[Start of section]

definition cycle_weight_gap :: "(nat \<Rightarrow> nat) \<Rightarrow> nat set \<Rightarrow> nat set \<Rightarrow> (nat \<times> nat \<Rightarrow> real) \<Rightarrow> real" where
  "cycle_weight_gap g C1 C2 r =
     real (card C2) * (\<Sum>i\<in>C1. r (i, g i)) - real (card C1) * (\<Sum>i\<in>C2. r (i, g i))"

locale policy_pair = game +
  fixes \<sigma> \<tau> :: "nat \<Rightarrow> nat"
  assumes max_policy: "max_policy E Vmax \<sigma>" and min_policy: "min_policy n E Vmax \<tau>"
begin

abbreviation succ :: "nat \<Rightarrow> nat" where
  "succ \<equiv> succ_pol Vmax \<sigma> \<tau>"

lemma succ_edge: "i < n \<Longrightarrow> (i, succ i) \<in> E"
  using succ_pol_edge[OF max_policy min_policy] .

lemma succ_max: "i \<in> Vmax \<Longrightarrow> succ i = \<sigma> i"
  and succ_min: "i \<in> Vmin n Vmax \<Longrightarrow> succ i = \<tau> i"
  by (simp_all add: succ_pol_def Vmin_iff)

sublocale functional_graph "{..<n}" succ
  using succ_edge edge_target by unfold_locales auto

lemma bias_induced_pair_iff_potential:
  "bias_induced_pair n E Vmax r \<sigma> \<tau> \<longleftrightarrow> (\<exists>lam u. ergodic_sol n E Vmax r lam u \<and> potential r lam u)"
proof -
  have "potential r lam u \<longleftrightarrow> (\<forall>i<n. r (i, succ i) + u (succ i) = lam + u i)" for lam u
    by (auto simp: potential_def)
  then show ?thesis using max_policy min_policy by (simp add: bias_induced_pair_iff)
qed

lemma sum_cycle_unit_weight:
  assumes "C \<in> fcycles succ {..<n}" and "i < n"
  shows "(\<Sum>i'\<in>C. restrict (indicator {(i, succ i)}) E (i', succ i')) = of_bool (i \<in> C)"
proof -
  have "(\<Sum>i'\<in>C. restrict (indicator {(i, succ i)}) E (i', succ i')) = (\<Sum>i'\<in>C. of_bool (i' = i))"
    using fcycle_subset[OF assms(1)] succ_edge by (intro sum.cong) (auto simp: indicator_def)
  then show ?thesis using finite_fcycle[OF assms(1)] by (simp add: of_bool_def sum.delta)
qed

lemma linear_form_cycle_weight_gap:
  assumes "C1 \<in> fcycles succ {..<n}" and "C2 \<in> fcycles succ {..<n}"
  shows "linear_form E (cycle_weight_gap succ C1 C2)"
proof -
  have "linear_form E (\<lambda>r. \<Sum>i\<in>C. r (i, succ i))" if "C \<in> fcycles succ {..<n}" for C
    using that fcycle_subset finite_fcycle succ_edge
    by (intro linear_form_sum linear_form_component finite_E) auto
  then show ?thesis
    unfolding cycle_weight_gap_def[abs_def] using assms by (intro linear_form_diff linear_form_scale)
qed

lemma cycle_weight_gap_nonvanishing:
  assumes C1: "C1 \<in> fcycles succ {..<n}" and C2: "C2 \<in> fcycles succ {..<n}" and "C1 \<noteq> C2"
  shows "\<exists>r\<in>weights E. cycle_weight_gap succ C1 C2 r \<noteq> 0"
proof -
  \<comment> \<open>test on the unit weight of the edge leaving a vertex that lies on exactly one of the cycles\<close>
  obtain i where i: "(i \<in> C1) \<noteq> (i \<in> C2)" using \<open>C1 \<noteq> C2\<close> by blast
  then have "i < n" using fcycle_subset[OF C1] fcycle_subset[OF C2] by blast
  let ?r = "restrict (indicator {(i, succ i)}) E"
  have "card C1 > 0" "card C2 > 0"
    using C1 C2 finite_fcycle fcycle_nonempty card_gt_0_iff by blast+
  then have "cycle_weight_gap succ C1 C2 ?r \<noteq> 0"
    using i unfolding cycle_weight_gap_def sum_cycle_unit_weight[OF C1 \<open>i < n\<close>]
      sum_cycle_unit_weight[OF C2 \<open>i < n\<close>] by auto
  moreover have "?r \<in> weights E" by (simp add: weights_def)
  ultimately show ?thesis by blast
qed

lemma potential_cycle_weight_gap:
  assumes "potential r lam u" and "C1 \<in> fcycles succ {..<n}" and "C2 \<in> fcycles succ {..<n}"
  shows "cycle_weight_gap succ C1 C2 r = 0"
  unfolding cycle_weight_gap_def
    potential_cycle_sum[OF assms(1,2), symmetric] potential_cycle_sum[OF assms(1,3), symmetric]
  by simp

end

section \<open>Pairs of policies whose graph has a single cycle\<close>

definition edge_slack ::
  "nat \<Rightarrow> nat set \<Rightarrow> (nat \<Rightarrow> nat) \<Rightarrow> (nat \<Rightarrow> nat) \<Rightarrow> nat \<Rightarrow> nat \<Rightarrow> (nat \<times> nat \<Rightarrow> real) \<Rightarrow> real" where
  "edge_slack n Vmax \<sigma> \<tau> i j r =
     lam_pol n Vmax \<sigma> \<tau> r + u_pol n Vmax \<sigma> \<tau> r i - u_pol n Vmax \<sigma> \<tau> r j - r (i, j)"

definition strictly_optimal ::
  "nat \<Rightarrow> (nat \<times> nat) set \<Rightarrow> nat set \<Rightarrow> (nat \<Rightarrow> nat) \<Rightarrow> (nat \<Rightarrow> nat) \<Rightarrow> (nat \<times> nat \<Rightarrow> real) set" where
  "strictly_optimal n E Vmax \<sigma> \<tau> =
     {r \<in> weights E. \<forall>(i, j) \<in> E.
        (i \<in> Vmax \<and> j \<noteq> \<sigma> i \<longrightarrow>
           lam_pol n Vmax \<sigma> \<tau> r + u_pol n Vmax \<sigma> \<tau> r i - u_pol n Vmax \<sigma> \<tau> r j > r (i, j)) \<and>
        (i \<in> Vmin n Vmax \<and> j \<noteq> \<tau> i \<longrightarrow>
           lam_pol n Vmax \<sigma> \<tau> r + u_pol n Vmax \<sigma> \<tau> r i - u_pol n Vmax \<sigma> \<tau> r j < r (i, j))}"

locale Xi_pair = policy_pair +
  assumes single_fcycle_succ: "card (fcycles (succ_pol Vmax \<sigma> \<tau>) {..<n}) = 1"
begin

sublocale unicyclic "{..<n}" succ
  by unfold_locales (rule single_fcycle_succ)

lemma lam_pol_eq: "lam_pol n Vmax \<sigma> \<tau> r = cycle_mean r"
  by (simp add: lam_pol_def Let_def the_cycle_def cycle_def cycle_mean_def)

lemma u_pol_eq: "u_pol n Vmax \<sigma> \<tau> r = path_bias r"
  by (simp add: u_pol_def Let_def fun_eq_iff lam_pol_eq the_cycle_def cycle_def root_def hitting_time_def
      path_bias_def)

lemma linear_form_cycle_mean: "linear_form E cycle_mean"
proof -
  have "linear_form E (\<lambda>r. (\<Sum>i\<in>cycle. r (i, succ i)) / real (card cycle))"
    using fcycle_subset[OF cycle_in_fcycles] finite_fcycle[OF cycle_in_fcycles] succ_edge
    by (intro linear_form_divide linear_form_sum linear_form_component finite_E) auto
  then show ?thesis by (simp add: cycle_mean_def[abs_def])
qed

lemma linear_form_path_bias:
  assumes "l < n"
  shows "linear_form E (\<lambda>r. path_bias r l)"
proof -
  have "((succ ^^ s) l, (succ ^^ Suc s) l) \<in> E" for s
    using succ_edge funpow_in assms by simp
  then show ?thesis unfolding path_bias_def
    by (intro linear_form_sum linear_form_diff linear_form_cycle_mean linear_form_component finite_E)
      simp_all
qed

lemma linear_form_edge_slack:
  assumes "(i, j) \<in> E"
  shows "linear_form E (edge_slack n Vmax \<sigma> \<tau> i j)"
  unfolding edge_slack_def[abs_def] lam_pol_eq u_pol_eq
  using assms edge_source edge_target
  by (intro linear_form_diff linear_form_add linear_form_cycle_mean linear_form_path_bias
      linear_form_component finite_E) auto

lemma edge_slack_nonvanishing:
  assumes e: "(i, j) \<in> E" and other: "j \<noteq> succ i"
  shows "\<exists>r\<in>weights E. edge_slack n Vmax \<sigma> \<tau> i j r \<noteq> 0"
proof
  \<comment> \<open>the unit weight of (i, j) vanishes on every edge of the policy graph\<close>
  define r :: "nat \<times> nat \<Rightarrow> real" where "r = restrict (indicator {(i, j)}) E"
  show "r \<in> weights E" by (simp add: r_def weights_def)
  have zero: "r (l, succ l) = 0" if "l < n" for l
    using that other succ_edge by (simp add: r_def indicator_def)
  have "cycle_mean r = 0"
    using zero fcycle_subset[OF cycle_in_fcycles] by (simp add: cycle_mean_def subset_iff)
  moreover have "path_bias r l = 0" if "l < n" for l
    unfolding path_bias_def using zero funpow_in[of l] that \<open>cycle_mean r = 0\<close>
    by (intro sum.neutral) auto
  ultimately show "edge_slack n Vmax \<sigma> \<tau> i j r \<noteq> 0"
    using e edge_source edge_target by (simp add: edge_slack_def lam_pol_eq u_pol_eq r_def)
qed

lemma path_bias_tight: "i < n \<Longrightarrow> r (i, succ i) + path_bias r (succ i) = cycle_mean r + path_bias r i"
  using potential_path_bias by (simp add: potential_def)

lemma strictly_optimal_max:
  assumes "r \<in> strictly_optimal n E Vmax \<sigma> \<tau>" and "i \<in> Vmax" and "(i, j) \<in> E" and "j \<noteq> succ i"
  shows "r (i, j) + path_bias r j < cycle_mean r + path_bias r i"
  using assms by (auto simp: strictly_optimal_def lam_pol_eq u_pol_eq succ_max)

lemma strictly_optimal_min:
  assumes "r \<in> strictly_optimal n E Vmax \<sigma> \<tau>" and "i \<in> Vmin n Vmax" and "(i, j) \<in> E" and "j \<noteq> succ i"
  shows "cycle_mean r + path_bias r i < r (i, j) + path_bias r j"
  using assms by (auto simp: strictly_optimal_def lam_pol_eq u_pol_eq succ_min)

[End of section]

What you need to do: Bring together all lines from the listing that contain the word "definition".

Response to the exercise:
definition cycle_weight_gap :: "(nat \<Rightarrow> nat) \<Rightarrow> nat set \<Rightarrow> nat set \<Rightarrow> (nat \<times> nat \<Rightarrow> real) \<Rightarrow> real" where
definition edge_slack ::
definition strictly_optimal ::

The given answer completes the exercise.